I'll go ahead and propose it again since its been a little while. In order to 
start breaking down the barriers between Projects and start working more 
towards integration, should the TC come up with an architecture group? Get 
folks from all the major projects involved in it and sharing common 
infrastructure.

One possible pie in the sky goal of that group could be the following:

k8s has many controllers. But they compile almost all of them into one service. 
the kube-apiserver. Architecturally they could break them out at any point, but 
so far they have been able to scale just fine without doing so. Having them 
combined has allowed much easier upgrade paths for users though. This has 
spurred adoption and contribution.

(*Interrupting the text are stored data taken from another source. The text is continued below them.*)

lemma borel_measurable_L [measurable]: "L \<in> borel_measurable borel"
  using kernel by (simp add: kernel_lip_def)

lemma L_nonneg: "0 \<le> L x"
  using kernel by (simp add: kernel_lip_def)

lemma K_Lipschitz: "\<bar>K x u - K x v\<bar> \<le> L x * \<bar>u - v\<bar>"
  using kernel by (simp add: kernel_lip_def)

lemma K_0: "K x 0 = 0"
  using kernel by (simp add: kernel_lip_def)

abbreviation m :: real where
  "m \<equiv> m0 L t"

lemma m_nonneg: "0 \<le> m"
  by (simp add: m0_def)

lemma nn_integral_L_samples_le: "(\<integral>\<^sup>+k. ennreal (L (u - t k)) \<partial>count_space UNIV) \<le> ennreal m"
proof -
  have "m0_enn L t = ennreal m"
    using m0_finite by (simp add: m0_def less_top)
  then show ?thesis
    unfolding infsum_ennreal_int_eq_nn_integral[symmetric]
    by (metis m0_enn_def SUP_upper UNIV_I)
qed

lemma infsum_dominated_less_top:
  assumes "\<And>k. \<bar>c k\<bar> \<le> L (u - t k) * B" and "0 \<le> B"
  shows "infsum (\<lambda>k. ennreal \<bar>c k\<bar>) UNIV < top"
proof -
  have "infsum (\<lambda>k. ennreal \<bar>c k\<bar>) UNIV \<le> (\<integral>\<^sup>+k. ennreal (L (u - t k)) * ennreal B \<partial>count_space UNIV)"
    unfolding infsum_ennreal_int_eq_nn_integral
    using assms by (intro nn_integral_mono) (simp add: ennreal_mult[symmetric] L_nonneg ennreal_leI)
  also have "\<dots> \<le> ennreal m * ennreal B"
    by (simp add: nn_integral_multc mult_right_mono nn_integral_L_samples_le)
  also have "\<dots> < top"
    by (simp add: ennreal_mult_less_top)
  finally show ?thesis .
qed

(* The windows are half-open so that, shifted to the nodes t k / w, they are disjoint. *)
definition window :: "int \<Rightarrow> real \<Rightarrow> ennreal" where
  "window k s = ennreal (w / (t (k + 1) - t k)) * indicator {0..<(t (k + 1) - t k) / w} s"

lemma borel_measurable_window [measurable]: "window k \<in> borel_measurable borel"
  unfolding window_def by measurable

lemma nn_integral_window: "(\<integral>\<^sup>+s. window k s \<partial>lborel) = 1"
  using gap_pos[of k] w_pos
  by (simp add: window_def nn_integral_cmult_indicator ennreal_mult[symmetric])

lemma window_le_uniform: "window k s \<le> ennreal (w / \<delta>) * indicator {0..\<Delta> / w} s"
proof (cases "s \<in> {0..<(t (k + 1) - t k) / w}")
  case True
  moreover have "(t (k + 1) - t k) / w \<le> \<Delta> / w"
    using gap_le[of k] w_pos by (simp add: divide_right_mono)
  ultimately have "s \<in> {0..\<Delta> / w}"
    by auto
  moreover have "w / (t (k + 1) - t k) \<le> w / \<delta>"
    using gap_ge[of k] delta_pos w_pos by (intro divide_left_mono) auto
  ultimately show ?thesis
    using True by (simp add: window_def ennreal_leI)
qed (simp add: window_def)

definition sample :: "int \<Rightarrow> real" where
  "sample k = w / (t (k + 1) - t k) * (LINT u:{t k / w..t (k + 1) / w}|lborel. f u)"

lemma sample_eq_average:
  "sample k = 1 / (t (k + 1) / w - t k / w) * (LINT u:{t k / w..t (k + 1) / w}|lborel. f u)"
  using w_pos by (simp add: sample_def diff_divide_distrib[symmetric])

lemma sample_interval: "t k / w < t (k + 1) / w"
  using gap_pos[of k] w_pos by (simp add: divide_strict_right_mono)

lemma abs_sample_le: "\<bar>sample k\<bar> \<le> 1 + norm_f powr p * w / \<delta>"
proof -
  have "\<bar>sample k\<bar> \<le> 1 + norm_f powr p / (t (k + 1) / w - t k / w)"
    unfolding sample_eq_average by (rule abs_average_le[OF sample_interval])
  also have "norm_f powr p / (t (k + 1) / w - t k / w) = norm_f powr p * w / (t (k + 1) - t k)"
    using w_pos by (simp add: diff_divide_distrib[symmetric])
  also have "\<dots> \<le> norm_f powr p * w / \<delta>"
    using gap_ge[of k] delta_pos w_pos by (intro divide_left_mono) auto
  finally show ?thesis by simp
qed

lemma sample_diff_le:
  "ennreal \<bar>sample k - y\<bar> \<le> (\<integral>\<^sup>+s. window k s * ennreal \<bar>f (t k / w + s) - y\<bar> \<partial>lborel)"
proof -
  have "window k s = ennreal (1 / (t (k + 1) / w - t k / w)) * indicator {0..<t (k + 1) / w - t k / w} s" for s
    by (simp add: window_def diff_divide_distrib[symmetric])
  then show ?thesis
    unfolding sample_eq_average by (simp only:) (rule average_diff_le[OF sample_interval])
qed

(* Splitting f (t k / w + s) - f x at f (x + s) gives the two parts of the pointwise error. *)
definition node_error :: "real \<Rightarrow> ennreal" where
  "node_error x = (\<integral>\<^sup>+k. ennreal (L (w * x - t k)) *
     (\<integral>\<^sup>+s. window k s * ennreal \<bar>f (t k / w + s) - f (x + s)\<bar> \<partial>lborel) \<partial>count_space UNIV)"

definition local_error :: "real \<Rightarrow> ennreal" where
  "local_error x = (\<integral>\<^sup>+k. ennreal (L (w * x - t k)) *
     (\<integral>\<^sup>+s. window k s * ennreal \<bar>f (x + s) - f x\<bar> \<partial>lborel) \<partial>count_space UNIV)"

lemma borel_measurable_node_error [measurable]: "node_error \<in> borel_measurable borel"
  unfolding node_error_def by measurable

lemma borel_measurable_local_error [measurable]: "local_error \<in> borel_measurable borel"
  unfolding local_error_def by measurable

lemma abs_kernel_sample_diff_le:
  "ennreal \<bar>K (w * x - t k) (sample k) - K (w * x - t k) (f x)\<bar>
    \<le> ennreal (L (w * x - t k)) * (\<integral>\<^sup>+s. window k s * ennreal \<bar>f (t k / w + s) - f (x + s)\<bar> \<partial>lborel)
      + ennreal (L (w * x - t k)) * (\<integral>\<^sup>+s. window k s * ennreal \<bar>f (x + s) - f x\<bar> \<partial>lborel)"
proof -
  have "(\<integral>\<^sup>+s. window k s * ennreal \<bar>f (t k / w + s) - f x\<bar> \<partial>lborel)
      \<le> (\<integral>\<^sup>+s. window k s * ennreal \<bar>f (t k / w + s) - f (x + s)\<bar>
            + window k s * ennreal \<bar>f (x + s) - f x\<bar> \<partial>lborel)"
    by (intro nn_integral_mono)
       (simp add: distrib_left[symmetric] mult_left_mono ennreal_leI flip: ennreal_plus)
  also have "\<dots> = (\<integral>\<^sup>+s. window k s * ennreal \<bar>f (t k / w + s) - f (x + s)\<bar> \<partial>lborel)
      + (\<integral>\<^sup>+s. window k s * ennreal \<bar>f (x + s) - f x\<bar> \<partial>lborel)"
    by (rule nn_integral_add) measurable
  finally have triangle: "(\<integral>\<^sup>+s. window k s * ennreal \<bar>f (t k / w + s) - f x\<bar> \<partial>lborel)
      \<le> (\<integral>\<^sup>+s. window k s * ennreal \<bar>f (t k / w + s) - f (x + s)\<bar> \<partial>lborel)
        + (\<integral>\<^sup>+s. window k s * ennreal \<bar>f (x + s) - f x\<bar> \<partial>lborel)" .
  have "ennreal \<bar>K (w * x - t k) (sample k) - K (w * x - t k) (f x)\<bar>
      \<le> ennreal (L (w * x - t k) * \<bar>sample k - f x\<bar>)"
    by (intro ennreal_leI K_Lipschitz)
  also have "\<dots> = ennreal (L (w * x - t k)) * ennreal \<bar>sample k - f x\<bar>"
    by (simp add: ennreal_mult L_nonneg)
  also have "\<dots> \<le> ennreal (L (w * x - t k)) * (\<integral>\<^sup>+s. window k s * ennreal \<bar>f (t k / w + s) - f x\<bar> \<partial>lborel)"
    by (intro mult_left_mono sample_diff_le) simp
  also have "\<dots> \<le> ennreal (L (w * x - t k)) *
      ((\<integral>\<^sup>+s. window k s * ennreal \<bar>f (t k / w + s) - f (x + s)\<bar> \<partial>lborel)
        + (\<integral>\<^sup>+s. window k s * ennreal \<bar>f (x + s) - f x\<bar> \<partial>lborel))"
    by (intro mult_left_mono triangle) simp
  finally show ?thesis
    by (simp add: distrib_left)
qed

lemma abs_kernel_sample_sum_le:
  assumes summable: "infsum (\<lambda>k. ennreal \<bar>d k\<bar>) UNIV < top"
    and d: "\<And>k. d k = K (w * x - t k) (sample k) - K (w * x - t k) (f x)"
  shows "ennreal \<bar>infsum d UNIV\<bar> \<le> node_error x + local_error x"
proof -
  have "ennreal \<bar>infsum d UNIV\<bar> \<le> (\<integral>\<^sup>+k. ennreal \<bar>d k\<bar> \<partial>count_space UNIV)"
    using abs_infsum_le_ennreal_infsum(2)[OF summable] by (simp add: infsum_ennreal_int_eq_nn_integral)
  also have "\<dots> \<le> (\<integral>\<^sup>+k. ennreal (L (w * x - t k)) *
        (\<integral>\<^sup>+s. window k s * ennreal \<bar>f (t k / w + s) - f (x + s)\<bar> \<partial>lborel)
      + ennreal (L (w * x - t k)) * (\<integral>\<^sup>+s. window k s * ennreal \<bar>f (x + s) - f x\<bar> \<partial>lborel)
      \<partial>count_space UNIV)"
    unfolding d by (intro nn_integral_mono abs_kernel_sample_diff_le)
  also have "\<dots> = node_error x + local_error x"
    unfolding node_error_def local_error_def by (rule nn_integral_add) simp_all
  finally show ?thesis .
qed

lemma abs_S_op_sub_le:
  assumes T: "Tw K t w x \<le> ereal \<tau>"
  shows "ennreal \<bar>S_op K t w f x - f x\<bar> \<le> node_error x + local_error x + ennreal (\<tau> * \<bar>f x\<bar>)"
proof -
  define d where "d k = K (w * x - t k) (sample k) - K (w * x - t k) (f x)" for k
  define c where "c k = K (w * x - t k) (f x)" for k
  define B where "B = 1 + norm_f powr p * w / \<delta> + \<bar>f x\<bar>"
  have d_summable: "infsum (\<lambda>k. ennreal \<bar>d k\<bar>) UNIV < top"
  proof (rule infsum_dominated_less_top)
    fix k
    have "\<bar>sample k - f x\<bar> \<le> B"
      using abs_sample_le[of k] by (simp add: B_def)
    then show "\<bar>d k\<bar> \<le> L (w * x - t k) * B"
      unfolding d_def by (metis K_Lipschitz L_nonneg mult_left_mono order_trans)
  qed (use w_pos delta_pos in \<open>simp add: B_def\<close>)
  have c_summable: "infsum (\<lambda>k. ennreal \<bar>c k\<bar>) UNIV < top"
    by (rule infsum_dominated_less_top[where B = "\<bar>f x\<bar>"])
       (use K_Lipschitz[of _ "f x" 0] in \<open>simp_all add: c_def K_0\<close>)
  have "S_op K t w f x = infsum (\<lambda>k. d k + c k) UNIV"
    by (simp add: S_op_def d_def c_def sample_def)
  also have "\<dots> = infsum d UNIV + infsum c UNIV"
    by (intro infsum_add abs_infsum_le_ennreal_infsum(1) d_summable c_summable)
  finally have "ennreal \<bar>S_op K t w f x - f x\<bar> \<le> ennreal \<bar>infsum d UNIV\<bar> + ennreal \<bar>infsum c UNIV - f x\<bar>"
    by (simp flip: ennreal_plus add: ennreal_leI)
  also have "\<dots> \<le> node_error x + local_error x + ennreal (\<tau> * \<bar>f x\<bar>)"
    using abs_kernel_sum_sub_le[OF K_0 T, of "f x"]
    by (intro add_mono abs_kernel_sample_sum_le[OF d_summable] ennreal_leI) (simp_all add: d_def c_def[abs_def])
  finally show ?thesis .
qed

lemma ennreal_powr_window_average_le:
  assumes [measurable]: "y \<in> borel_measurable borel"
  shows "ennreal_powr (\<integral>\<^sup>+s. window k s * y s \<partial>lborel) p \<le> (\<integral>\<^sup>+s. window k s * ennreal_powr (y s) p \<partial>lborel)"
  using Jensen_nn_integral_powr[OF p, of "window k" lborel y 1] by (simp add: nn_integral_window)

Adding a new controller isn't a huge lift to 
an operator. they just upgrade to the newest version which has the new 
controller built in.

Could the major components, nova-api, neutron-server, glance-apiserver, etc be 
built in a way to have 1 process for all of them, and combine the upgrade steps 
such that there is also, one db-sync for the entire constellation?

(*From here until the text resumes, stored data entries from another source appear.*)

lemma hermitian_cinner_commute:
  assumes "hermitian A"
  shows "cinner x (A *v y) = cnj (cinner y (A *v x))"
proof -
  have entry: "cnj (A $ j $ i) = A $ i $ j" for i j
    using assms unfolding hermitian_def by (metis complex_cnj_cnj)
  have "cnj (cinner y (A *v x)) = (\<Sum>j\<in>UNIV. \<Sum>i\<in>UNIV. y $ j * (cnj (A $ j $ i) * cnj (x $ i)))"
    by (simp add: cinner_def matrix_vector_mult_def sum_distrib_left)
  also have "\<dots> = (\<Sum>j\<in>UNIV. \<Sum>i\<in>UNIV. cnj (x $ i) * (A $ i $ j * y $ j))"
    by (simp add: entry mult_ac)
  also have "\<dots> = cinner x (A *v y)"
    by (subst sum.swap) (simp add: cinner_def matrix_vector_mult_def sum_distrib_left)
  finally show ?thesis ..
qed

lemma Re_qform_add:
  assumes "hermitian A"
  shows "Re (qform A (x + h)) = Re (qform A x) + 2 * Re (cinner h (A *v x)) + Re (qform A h)"
proof -
  have "qform A (x + h) = qform A x + cinner x (A *v h) + cinner h (A *v x) + qform A h"
    by (simp add: qform_def matrix_vector_right_distrib cinner_add_left cinner_add_right)
  then show ?thesis using hermitian_cinner_commute[OF assms, of x h] by simp
qed

lemma Re_qform_add_axis:
  assumes "hermitian A"
  shows "Re (qform A (x + axis i a))
    = Re (qform A x) + 2 * Re (cnj a * (A *v x) $ i) + (cmod a)\<^sup>2 * Re (A $ i $ i)"
proof -
  have "qform A (axis i a) = (a * cnj a) * A $ i $ i"
    by (simp add: qform_def cinner_axis_left matrix_vector_mult_axis_nth mult_ac)
  also have "\<dots> = of_real ((cmod a)\<^sup>2) * A $ i $ i"
    by (simp flip: complex_norm_square)
  finally have "qform A (axis i a) = of_real ((cmod a)\<^sup>2) * A $ i $ i" .
  then show ?thesis
    using Re_qform_add[OF assms, of x "axis i a"] by (simp add: cinner_axis_left)
qed

lemma Re_qform_diff_le:
  assumes "op_norm A \<le> K"
  shows "Re (qform A x) - Re (qform A z) \<le> K * ((norm x)\<^sup>2 + (norm z)\<^sup>2)"
proof -
  have bound: "cmod (qform A v) \<le> K * (norm v)\<^sup>2" for v
    using cmod_qform_le[of A v] assms by (meson mult_right_mono zero_le_power2 order_trans)
  show ?thesis
    using bound[of x] bound[of z] complex_Re_le_cmod[of "qform A x"] abs_Re_le_cmod[of "qform A z"]
    by (simp add: algebra_simps)
qed

lemma Re_qform_diff_le_hermitian:
  assumes "hermitian A" "op_norm A \<le> K"
  shows "Re (qform A x) - Re (qform A z) \<le> K * (2 * norm z * norm (x - z) + (norm (x - z))\<^sup>2)"
proof -
  have "Re (qform A x) - Re (qform A z) = 2 * Re (cinner (x - z) (A *v z)) + Re (qform A (x - z))"
    using Re_qform_add[OF assms(1), of z "x - z"] by simp
  also have "\<dots> \<le> 2 * (K * (norm (x - z) * norm z)) + K * (norm (x - z))\<^sup>2"
  proof (intro add_mono mult_left_mono)
    show "Re (cinner (x - z) (A *v z)) \<le> K * (norm (x - z) * norm z)"
      using cmod_cinner_matrix_vector_le[of "x - z" A z] complex_Re_le_cmod assms(2)
      by (meson mult_right_mono zero_le_mult_iff norm_ge_zero order_trans)
    show "Re (qform A (x - z)) \<le> K * (norm (x - z))\<^sup>2"
      using cmod_qform_le[of A "x - z"] complex_Re_le_cmod assms(2)
      by (meson mult_right_mono zero_le_power2 order_trans)
  qed simp
  finally show ?thesis by (simp add: algebra_simps)
qed

section \<open>The objective matrix and unimodular vectors\<close>

lemma hermitian_outer_add_scaleR:
  assumes "hermitian W"
  shows "hermitian (outer z + c *\<^sub>R W)"
  unfolding hermitian_def
proof (intro allI)
  fix i j
  have "W $ i $ j = cnj (W $ j $ i)"
    using assms unfolding hermitian_def by blast
  then show "(outer z + c *\<^sub>R W) $ i $ j = cnj ((outer z + c *\<^sub>R W) $ j $ i)"
    by (simp add: outer_def mult.commute)
qed

lemma matrix_vector_outer_add_scaleR_nth:
  "((outer z + c *\<^sub>R W) *v v) $ i = z $ i * cinner z v + of_real c * (W *v v) $ i"
  by (simp add: matrix_vector_mult_def outer_def cinner_def sum.distrib
      sum_distrib_left algebra_simps)
    (simp add: scaleR_conv_of_real sum_distrib_left)

lemma qform_outer: "qform (outer z) y = of_real ((cmod (cinner z y))\<^sup>2)"
proof -
  have "qform (outer z) y = cnj (cinner z y) * cinner z y"
    by (simp add: qform_def cinner_def outer_def matrix_vector_mult_def sum_distrib_left
        sum_distrib_right mult_ac)
  then show ?thesis by (metis complex_norm_square mult.commute)
qed

lemma Re_qform_outer_add_scaleR:
  "Re (qform (outer z + c *\<^sub>R W) y) = (cmod (cinner z y))\<^sup>2 + c * Re (qform W y)"
proof -
  have "qform (outer z + c *\<^sub>R W) y = qform (outer z) y + of_real c * qform W y"
    by (simp add: qform_def cinner_def matrix_vector_mult_def sum.distrib
        sum_distrib_left algebra_simps)
      (simp add: scaleR_conv_of_real sum_distrib_left)
  then show ?thesis by (simp add: qform_outer)
qed

lemma cnj_mult_self_unimodular: "cmod w = 1 \<Longrightarrow> cnj w * w = 1"
  by (metis complex_norm_square mult.commute of_real_1 power_one)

In the pre-containers era one of the most common complaints I heard from operators was that they were forced to upgrade stuff in lock-step (because of library version dependencies) when they really wanted to upgrade each service independently. So this definitely wouldn't work for everyone.

Another idea that has been floated on occasion is of combining all of the bits of services that run on a compute node (which include parts of Nova, Cinder, Neutron, Ceilometer, &c.) into a single... thing. I wonder if that wouldn't be a more interesting place to start.

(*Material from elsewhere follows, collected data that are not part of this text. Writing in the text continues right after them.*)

(* Let $n\ge 2$, let $0\le c_1<c_2<\cdots<c_n$ be real numbers, and define $f_C:SO(n)\to\mathbb{R}$ by $f_C(A)=\sum_{i=1}^n c_i a_{ii}$. Let $A=\operatorname{diag}(\epsilon_1,\dots,\epsilon_n)\in SO(n)$ with $\epsilon_i\in\{+1,-1\}$ be a critical point of $f_C$, and let $i_1<i_2<\cdots<i_m$ be the indices $i$ with $\epsilon_i=+1$. Then the Morse index of $A$ (the number of negative eigenvalues of the Hessian of $f_C$ at $A$) equals $(i_1-1)+(i_2-1)+\cdots+(i_m-1)$ (this is $0$ when $m=0$), and the critical value is $f_C(A)=2(c_{i_1}+\cdots+c_{i_m})-\sum_{i=1}^n c_i$.
   Context: $SO(n)=\{A\in M_n(\mathbb{R}) : AA^t=I_n,\ \det A=1\}$. The critical points of $f_C$ are exactly the diagonal matrices in $SO(n)$ with diagonal entries $\pm1$, and they are non-degenerate; the index of a non-degenerate critical point is the number of negative eigenvalues of the Hessian in any local chart (independent of the chart by Sylvester's law of inertia). *)

theory Defs
  imports Complex_Main "Jordan_Normal_Form.Char_Poly"
begin

(* Matrices are Jordan_Normal_Form matrices, indices 0-based: entry (i,j) with i,j < n. *)

definition SO :: "nat \<Rightarrow> real mat set" where
  "SO n = {A \<in> carrier_mat n n. A * transpose_mat A = 1\<^sub>m n \<and> det A = 1}"

definition fC :: "nat \<Rightarrow> (nat \<Rightarrow> real) \<Rightarrow> real mat \<Rightarrow> real" where
  "fC n c A = (\<Sum>i<n. c i * A $$ (i,i))"

definition mexp :: "nat \<Rightarrow> real mat \<Rightarrow> real mat" where
  "mexp n X = mat n n (\<lambda>(i,j). \<Sum>k. (X ^\<^sub>m k) $$ (i,j) / fact k)"
(* Consider the no-show model with homogeneous costs and the network $(\mathcal G,\mathcal E)$ in the context. For $j\in[N]$, $\rho\ge0$, $\mathbf s\in\mathcal S$ and $p\ge1$, assign to each arc $(k,\ell)\in\mathcal E$ the length $g_{k\ell j}=f_{1j}(1-\bar\lambda_1,y_1)$ if $k=\texttt S$ and $\ell=(\bar\lambda_1,y_1)$; $g_{k\ell j}=f_{ij}(\bar\lambda_{i-1}-\bar\lambda_i+1,y_i)$ if $k=(\bar\lambda_{i-1},y_{i-1})\in\mathcal L(i-1)$ and $\ell=(\bar\lambda_i,y_i)\in\mathcal L(i)$, $i\in[2,n]$; $g_{k\ell j}=0$ if $\ell=\texttt E$. Then $$\omega'_j(\rho,\mathbf s)=\max_{\mathbf z}\sum_{(k,\ell)\in\mathcal E}g_{k\ell j}z_{k\ell}\ \text{ s.t. }\sum_{\ell:(k,\ell)\in\mathcal E}z_{k\ell}-\sum_{\ell:(\ell,k)\in\mathcal E}z_{\ell k}=\begin{cases}1&k=\texttt S\\0&k\ne\texttt S,\texttt E\\-1&k=\texttt E\end{cases}\ \forall k\in\mathcal G,\quad z_{k\ell}\ge0\ \forall(k,\ell)\in\mathcal E,$$ where $\omega'_j(\rho,\mathbf s)=\sup_{\boldsymbol\xi\in\Xi}\{g(\mathbf s,\boldsymbol\xi)-\rho\|\boldsymbol\xi-\widehat{\boldsymbol\xi}^j\|_p^p\}$.
   Context: Notation: $[m]=\{1,\dots,m\}$. $n,N\ge1$, $T>0$, $\mathcal S=\{\mathbf s\in\mathbb R^n:\mathbf s\ge0,\sum_is_i\le T\}$. Homogeneous costs $c_1=\dots=c_n=1$, $d_1=\dots=d_n=d_0\ge0$, overtime $C\ge0$. Bounds $0\le u^L_i<u^U_i<\infty$; integer $K\in[n]$. $\Lambda=\{\boldsymbol\lambda\in\{0,1\}^n:\sum_i(1-\lambda_i)\le K\}$, $\Xi=\{(\boldsymbol\mu,\boldsymbol\lambda)\in\mathbb R^n\times\Lambda:u^L_i\lambda_i\le\mu_i\le u^U_i\lambda_i\}$, data $\widehat{\boldsymbol\xi}^j=(\widehat{\boldsymbol\mu}^j,\widehat{\boldsymbol\lambda}^j)\in\Xi$. $g(\mathbf s,\boldsymbol\xi)$ is the optimal value of $\min_{\mathbf w\in\mathbb R^{n+1},\mathbf v\in\mathbb R^n}\sum_{i}(c_i\lambda_iw_i+d_iv_i)+Cw_{n+1}$ s.t. $w_i-v_{i-1}=\mu_{i-1}+w_{i-1}-s_{i-1}$ ($i=2,\dots,n+1$), $\mathbf w\ge0,w_1=0,\mathbf v\ge0$. For $\lambda_i\in\{0,1\}$, $y_i\in\mathbb R$: $f_{ij}(\lambda_i,y_i)=\sup_{u^L_i\lambda_i\le\mu_i\le u^U_i\lambda_i}\{y_i(\mu_i-s_i)-\rho|\mu_i-\widehat\mu^j_i|^p-\rho|\lambda_i-\widehat\lambda^j_i|^p\}$. Network: $\mathcal Y_i=\{-d_0+m:m=0,\dots,n-i\}\cup\{C+m:m=0,\dots,n-i\}$, layers $\mathcal L(i)=\{(\bar\lambda,y):\bar\lambda\in\{0,\dots,K\},y\in\mathcal Y_i\}$, nodes $\mathcal G=\bigcup_{i=1}^n\mathcal L(i)\cup\{\texttt S,\texttt E\}$. Arcs: from $\texttt S$ to each $(\bar\lambda_1,y_1)\in\mathcal L(1)$ with $\bar\lambda_1\in\{0,1\}$; for $i\in[2,n]$ from $(\bar\lambda_{i-1},y_{i-1})\in\mathcal L(i-1)$ to $(\bar\lambda_i,y_i)\in\mathcal L(i)$ whenever $\bar\lambda_i\in\{\bar\lambda_{i-1},\bar\lambda_{i-1}+1\}$ and $y_{i-1}\in\{-d_0,\ y_i+(\bar\lambda_{i-1}-\bar\lambda_i+1)\}$; and from each node of $\mathcal L(n)$ to $\texttt E$. *)

theory Defs
  imports Complex_Main
begin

The idea would be to take Constellations idea one step farther. That the 
Projects would deliver python libraries(and a binary for stand alone operation).

In the sense that we've switched most things with a REST API to running in Apache using wsgi, that's _technically_ what's happening already ;)

Constilations would actually provide a code deliverable, not just reference 
architecture, combining the libraries together into a single usable entity. 
Operators most likely would consume the Constilations version rather then the 
individual Project versions.

If I'm reading right, you're suggesting that users who just want a quick way to install a small cloud would use a turn-key controller node package, while those who need something more sophisticated could continue to install the individual services separately?

It's an interesting idea, but users of the first sort have a tendency to turn into users of the second sort, and they want a smooth upgrade path when that happens. I suspect that's why there aren't any deployment tools that use this model, even though there are probably no technical obstacles to it even today.

What do you think?

With respect to the db_sync specifically, I think the main problem is that it exists at all. You want to be able to do a simple rolling update where you start containers containing new versions of the code, and then shut down containers containing old versions of the code. Right now you have to somehow run db_sync with the new code but make sure it happens before starting the service with the new code - and in some cases you may have to shut down the old code first. (And as non-conducive as that is to orchestrated container deployments, it was 10 times worse pre-containers when it was virtually impossible to install the two versions of the code side-by-side.) But once your deployment tool has solved that horrible problem, it's not difficult for it to add a for-loop to do it for every service.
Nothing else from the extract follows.